DESCRIPTION OF THE TASK | Copy the entries exactly, through the "interpret hF: group_hom" line.

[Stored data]
text \<open>Since \<open>F\<close> is compact and \<open>G\<close> Hausdorff, \<open>\<pi>\<close> is a quotient map, so a continuous homomorphism
  \<open>F \<rightarrow> \<int>/p\<close> killing the kernel of \<open>\<pi>\<close> descends continuously to \<open>G\<close>; as the orientation is
  trivial modulo \<open>p\<close>, the descended homomorphism is a \<open>1\<close>-cocycle modulo \<open>p\<close>.\<close>
lemma cocycle_mod_prime_of_hom:
  assumes F: "group F" and G: "group G"
    and topF: "topspace TF = carrier F" and topG: "topspace TG = carrier G"
    and cF: "compact_space TF" and hG: "Hausdorff_space TG"
    and \<pi>: "\<pi> \<in> cont_hom F TF G TG" "\<pi> ` carrier F = carrier G"
    and h: "h \<in> cont_hom F TF (add_mod_group p) (discrete_topology {..<p})" and p: "p > 0"
    and ker: "\<And>a. a \<in> carrier F \<Longrightarrow> \<pi> a = \<one>\<^bsub>G\<^esub> \<Longrightarrow> h a = 0"
    and \<theta>: "\<And>g. g \<in> carrier G \<Longrightarrow> \<theta> g 1 = 1"
  shows "\<exists>c. cocycle p G TG \<theta> 1 c \<and> (\<forall>a\<in>carrier F. c (\<pi> a) = int (h a))"
proof -
  interpret H: comm_group "add_mod_group p" using add_mod_group_comm_group[OF p] .
  interpret hF: group_hom F "add_mod_group p" h
    using F H.is_group h by (simp add: group_hom_def group_hom_axioms_def cont_hom_def)
  interpret \<pi>F: group_hom F G \<pi>
    using F G \<pi>(1) by (simp add: group_hom_def group_hom_axioms_def cont_hom_def)
  have h_eq: "h a = h b" if "a \<in> topspace TF" "b \<in> topspace TF" "\<pi> a = \<pi> b" for a b
    by (rule group_hom_eq_if_kernel_subset[OF \<pi>F.group_hom_axioms hF.group_hom_axioms])
      (use ker that in \<open>simp_all add: topF\<close>)
  have q: "quotient_map TF TG \<pi>"
    using \<pi> topF topG cF hG by (intro continuous_imp_quotient_map) (auto simp: cont_hom_def)
  have hc: "continuous_map TF (discrete_topology {..<p}) h" using h by (simp add: cont_hom_def)
  obtain g where g: "continuous_map TG (discrete_topology {..<p}) g"
      "g ` topspace TG = h ` topspace TF" "\<And>a. a \<in> topspace TF \<Longrightarrow> g (\<pi> a) = h a"
  proof (rule quotient_map_lift_exists[OF q hc])
    show "\<And>a b. a \<in> topspace TF \<Longrightarrow> b \<in> topspace TF \<Longrightarrow> \<pi> a = \<pi> b \<Longrightarrow> h a = h b"
      by (rule h_eq)
  qed (rule that)
  have g_lt: "g y < p" if "y \<in> carrier G" for y
    using continuous_map_image_subset_topspace[OF g(1)] that by (auto simp: topG)
  define c where "c y = int (g y)" for y
  have c_\<pi>: "c (\<pi> a) = int (h a)" if "a \<in> carrier F" for a
    using g(3) that by (simp add: c_def topF)
  have c_nonneg: "0 \<le> c y" and c_less: "c y < int p ^ 1" if "y \<in> carrier G" for y
    using g_lt that by (simp_all add: c_def)
  have c_open: "openin TG {y \<in> carrier G. c y = v}" for v
  proof -
    have eq: "{y \<in> carrier G. c y = v} = {y \<in> topspace TG. g y \<in> {k \<in> {..<p}. int k = v}}"
      using g_lt unfolding c_def topG by blast
    have "openin TG {y \<in> topspace TG. g y \<in> {k \<in> {..<p}. int k = v}}"
      by (rule openin_continuous_map_preimage[OF g(1)]) auto
    then show ?thesis by (simp only: eq)
  qed
  have c_mult: "c (y \<otimes>\<^bsub>G\<^esub> y') = (c y + \<theta> y 1 * c y') mod int p ^ 1"
    if "y \<in> carrier G" "y' \<in> carrier G" for y y'
  proof -
    have "y \<in> \<pi> ` carrier F" "y' \<in> \<pi> ` carrier F" using \<pi>(2) that by simp_all
    then obtain a b where ab: "a \<in> carrier F" "b \<in> carrier F" "y = \<pi> a" "y' = \<pi> b" by blast
    then have "c (y \<otimes>\<^bsub>G\<^esub> y') = c (\<pi> (a \<otimes>\<^bsub>F\<^esub> b))" by simp
    also have "\<dots> = int ((h a + h b) mod p)" using ab c_\<pi>[of "a \<otimes>\<^bsub>F\<^esub> b"] by simp
    finally show ?thesis using ab \<theta> that by (simp add: zmod_int c_\<pi>)
  qed
  have "cocycle p G TG \<theta> 1 c"
    unfolding cocycle_def by (intro conjI ballI allI c_nonneg c_less c_open c_mult)
  then show ?thesis using c_\<pi> by blast
qed

section \<open>The presentation\<close>

locale pro_p_presentation =
  fixes p d \<nu> n :: nat and f :: enat
    and F :: "('f, 'b) monoid_scheme" and TF :: "'f topology" and x :: "nat \<Rightarrow> 'f"
    and r :: "nat \<Rightarrow> 'f" and s :: 'f
    and G :: "('g, 'c) monoid_scheme" and TG :: "'g topology" and \<pi> :: "'f \<Rightarrow> 'g"
  assumes prime: "Factorial_Ring.prime p" and d_even: "even d" and d_ge_4: "d \<ge> 4" and n_ge_2: "n \<ge> 2"
    and f_ge_1: "f \<ge> 1" and f_ge_2: "p = 2 \<longrightarrow> f \<ge> 2"
    and free: "free_pro_p p F TF d x"
    and s_in: "s \<in> closed_derived F TF (closed_derived F TF (closed_gen F TF (x ` {3..d})))"
    and r0: "r 0 = qpow F p f (x 1) \<otimes>\<^bsub>F\<^esub> lcomm F (x 1) (x 2) n
                   \<otimes>\<^bsub>F\<^esub> comm_prod F x (d div 2 - 1) \<otimes>\<^bsub>F\<^esub> s"
    and rj: "\<forall>j\<in>{1..\<nu>}. r j \<in> closed_derived F TF (closed_gen F TF (x ` {3..d}))"
    and G_pro_p: "pro_p_group p G TG"
    and \<pi>_hom: "\<pi> \<in> cont_hom F TF G TG" and \<pi>_surj: "\<pi> ` carrier F = carrier G"
    and \<pi>_ker: "{a \<in> carrier F. \<pi> a = \<one>\<^bsub>G\<^esub>} = closed_normal_gen F TF (r ` {0..\<nu>})"
begin

lemma p_gt_1: "p > 1"
  using prime prime_gt_1_nat by blast

lemma F_pro_p: "pro_p_group p F TF"
  using free by (simp add: free_pro_p_def)

lemma topspace_F: "topspace TF = carrier F" and compact_F: "compact_space TF"
  using F_pro_p by (simp_all add: pro_p_group_def topgroup_def)

lemma topspace_G: "topspace TG = carrier G" and Hausdorff_G: "Hausdorff_space TG"
  using G_pro_p by (simp_all add: pro_p_group_def topgroup_def)

sublocale F: group F
  using F_pro_p by (simp add: pro_p_group_def topgroup_def)

sublocale G: group G
  using G_pro_p by (simp add: pro_p_group_def topgroup_def)

sublocale \<pi>: group_hom F G \<pi>
  using \<pi>_hom by (simp add: group_hom_def group_hom_axioms_def cont_hom_def F.is_group G.is_group)

lemma x_carrier: "i \<in> {1..d} \<Longrightarrow> x i \<in> carrier F"
  using free by (simp add: free_pro_p_def)

definition comm_pairs :: nat where
  "comm_pairs = d div 2 - 1"

lemma d_eq: "d = 2 * comm_pairs + 2"
  using d_even d_ge_4 by (auto simp: comm_pairs_def elim!: evenE)

lemma r0_eq: "r 0 = qpow F p f (x 1) \<otimes>\<^bsub>F\<^esub> lcomm F (x 1) (x 2) n \<otimes>\<^bsub>F\<^esub> comm_prod F x comm_pairs \<otimes>\<^bsub>F\<^esub> s"
  using r0 by (simp add: comm_pairs_def)

lemma x_comm_pairs_carrier: "j < comm_pairs \<Longrightarrow> x (2 * j + 3) \<in> carrier F \<and> x (2 * j + 4) \<in> carrier F"
  using x_carrier d_eq by simp

lemma closed_gen_S_subset: "closed_gen F TF (x ` {3..d}) \<subseteq> carrier F"
  using closed_gen_subset_topspace[of F TF] by (simp add: topspace_F)

lemma closed_derived_subset_carrier: "closed_derived F TF A \<subseteq> carrier F"
  using closed_derived_subset_topspace[of F TF] by (simp add: topspace_F)

lemma relator_carrier:
  assumes "j \<in> {0..\<nu>}"
  shows "r j \<in> carrier F"
proof (cases "j = 0")
  case True
  have "comm_prod F x comm_pairs \<in> carrier F"
    using x_comm_pairs_carrier by (intro comm_prod_in_subgroup[OF F.subgroup_self]) simp
  moreover have "x 1 \<in> carrier F" "x 2 \<in> carrier F" "s \<in> carrier F"
    using x_carrier d_ge_4 closed_derived_subset_carrier s_in by auto
  ultimately show ?thesis using True by (simp add: r0_eq)
next
  case False
  then show ?thesis using assms rj closed_derived_subset_carrier by fastforce
qed

lemma \<pi>_relator: "\<pi> (r 0) = \<one>\<^bsub>G\<^esub>"
proof -
  have "r 0 \<in> {inv\<^bsub>F\<^esub> g \<otimes>\<^bsub>F\<^esub> a \<otimes>\<^bsub>F\<^esub> g | g a. g \<in> carrier F \<and> a \<in> r ` {0..\<nu>}}"
    using relator_carrier[of 0] by (intro CollectI exI[of _ "\<one>\<^bsub>F\<^esub>"] exI[of _ "r 0"]) auto
  then have "r 0 \<in> generate F {inv\<^bsub>F\<^esub> g \<otimes>\<^bsub>F\<^esub> a \<otimes>\<^bsub>F\<^esub> g | g a. g \<in> carrier F \<and> a \<in> r ` {0..\<nu>}}"
    by (rule generate.incl)
  then have "r 0 \<in> closed_normal_gen F TF (r ` {0..\<nu>})"
    using F.generate_incl relator_carrier topspace_F
    unfolding closed_normal_gen_def closed_gen_def by (intro closure_of_subset_Int[THEN subsetD]) auto
  then show ?thesis using \<pi>_ker by blast
qed

lemma relator_in_kernel_hom_mod_p:
  assumes h: "h \<in> cont_hom F TF (add_mod_group p) (discrete_topology {..<p})" and j: "j \<in> {0..\<nu>}"
  shows "r j \<in> kernel F (add_mod_group p) h"
proof -
  let ?K = "kernel F (add_mod_group p) h"
  have H: "comm_group (add_mod_group p)" using p_gt_1 by (simp add: add_mod_group_comm_group)
  have h': "h \<in> cont_hom F TF (add_mod_group p) (discrete_topology (carrier (add_mod_group p)))"
    using h by simp
  interpret h: group_hom F "add_mod_group p" h
    using h H by (simp add: group_hom_def group_hom_axioms_def cont_hom_def comm_group_def F.is_group)
  have K: "subgroup ?K F" by (rule h.subgroup_kernel)
  have derived: "closed_derived F TF A \<subseteq> ?K" if "A \<subseteq> carrier F" for A
    by (rule closed_derived_subset_kernel[OF F.is_group H topspace_F h' that])
  have comm: "comm F a b \<in> ?K" if "a \<in> carrier F" "b \<in> carrier F" for a b
    using hom_comm_eq_one[OF F.is_group H h.homh that] that by (simp add: kernel_def)
  show ?thesis
  proof (cases "j = 0")
    case False
    then show ?thesis using j rj derived[OF closed_gen_S_subset] by auto
  next
    case True
    have x12: "x 1 \<in> carrier F" "x 2 \<in> carrier F" using x_carrier d_ge_4 by auto
    have "qpow F p f (x 1) \<in> ?K"
    proof (cases f)
      case (enat e)
      then have "e \<ge> 1" using f_ge_1 by (simp add: one_enat_def)
      then have "h (x 1 [^]\<^bsub>F\<^esub> p ^ e) = 0"
        using x12 by (simp add: h.hom_nat_pow add_mod_group_nat_pow power_eq_if)
      then show ?thesis using enat x12 by (simp add: qpow_def kernel_def)
    qed (simp add: qpow_def subgroup.one_closed[OF K])
    moreover have "lcomm F (x 1) (x 2) n \<in> ?K"
      using n_ge_2 x12 comm by (cases n) simp_all
    moreover have "comm_prod F x comm_pairs \<in> ?K"
      using x_comm_pairs_carrier comm by (intro comm_prod_in_subgroup[OF K]) simp
    moreover have "s \<in> ?K" using s_in derived[OF closed_derived_subset_carrier] by blast
    ultimately show ?thesis using True subgroup.m_closed[OF K] by (simp add: r0_eq)
  qed
qed

lemma hom_mod_p_vanishes_on_kernel:
  assumes h: "h \<in> cont_hom F TF (add_mod_group p) (discrete_topology {..<p})"
    and a: "a \<in> carrier F" "\<pi> a = \<one>\<^bsub>G\<^esub>"
  shows "h a = 0"
proof -
  have H: "group (add_mod_group p)"
    using comm_group.axioms(2)[OF add_mod_group_comm_group] p_gt_1 by simp
  have h': "h \<in> cont_hom F TF (add_mod_group p) (discrete_topology (carrier (add_mod_group p)))"
    using h by simp
  have "r ` {0..\<nu>} \<subseteq> kernel F (add_mod_group p) h" using relator_in_kernel_hom_mod_p[OF h] by blast
  then have "closed_normal_gen F TF (r ` {0..\<nu>}) \<subseteq> kernel F (add_mod_group p) h"
    using kernel_cont_hom_discrete[OF F.is_group H topspace_F h']
    by (intro closed_normal_gen_subset[OF F.is_group]) simp_all
  moreover have "a \<in> closed_normal_gen F TF (r ` {0..\<nu>})" using a \<pi>_ker by blast
  ultimately show ?thesis by (auto simp: kernel_def)
qed

lemma orientation_x_unit:
  assumes "orientation p G TG \<theta>" "i \<in> {1..d}"
  shows "\<theta> (\<pi> (x i)) \<in> Zp p" "\<theta> (\<pi> (x i)) 1 = 1"
  using orientation_Zp[OF assms(1)] orientation_level_one[OF assms(1) p_gt_1] x_carrier[OF assms(2)]
  by simp_all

RESULT OF THIS EXERCISE |
text \<open>Since \<open>F\<close> is compact and \<open>G\<close> Hausdorff, \<open>\<pi>\<close> is a quotient map, so a continuous homomorphism
  \<open>F \<rightarrow> \<int>/p\<close> killing the kernel of \<open>\<pi>\<close> descends continuously to \<open>G\<close>; as the orientation is
  trivial modulo \<open>p\<close>, the descended homomorphism is a \<open>1\<close>-cocycle modulo \<open>p\<close>.\<close>
lemma cocycle_mod_prime_of_hom:
  assumes F: "group F" and G: "group G"
    and topF: "topspace TF = carrier F" and topG: "topspace TG = carrier G"
    and cF: "compact_space TF" and hG: "Hausdorff_space TG"
    and \<pi>: "\<pi> \<in> cont_hom F TF G TG" "\<pi> ` carrier F = carrier G"
    and h: "h \<in> cont_hom F TF (add_mod_group p) (discrete_topology {..<p})" and p: "p > 0"
    and ker: "\<And>a. a \<in> carrier F \<Longrightarrow> \<pi> a = \<one>\<^bsub>G\<^esub> \<Longrightarrow> h a = 0"
    and \<theta>: "\<And>g. g \<in> carrier G \<Longrightarrow> \<theta> g 1 = 1"
  shows "\<exists>c. cocycle p G TG \<theta> 1 c \<and> (\<forall>a\<in>carrier F. c (\<pi> a) = int (h a))"
proof -
  interpret H: comm_group "add_mod_group p" using add_mod_group_comm_group[OF p] .
  interpret hF: group_hom F "add_mod_group p" h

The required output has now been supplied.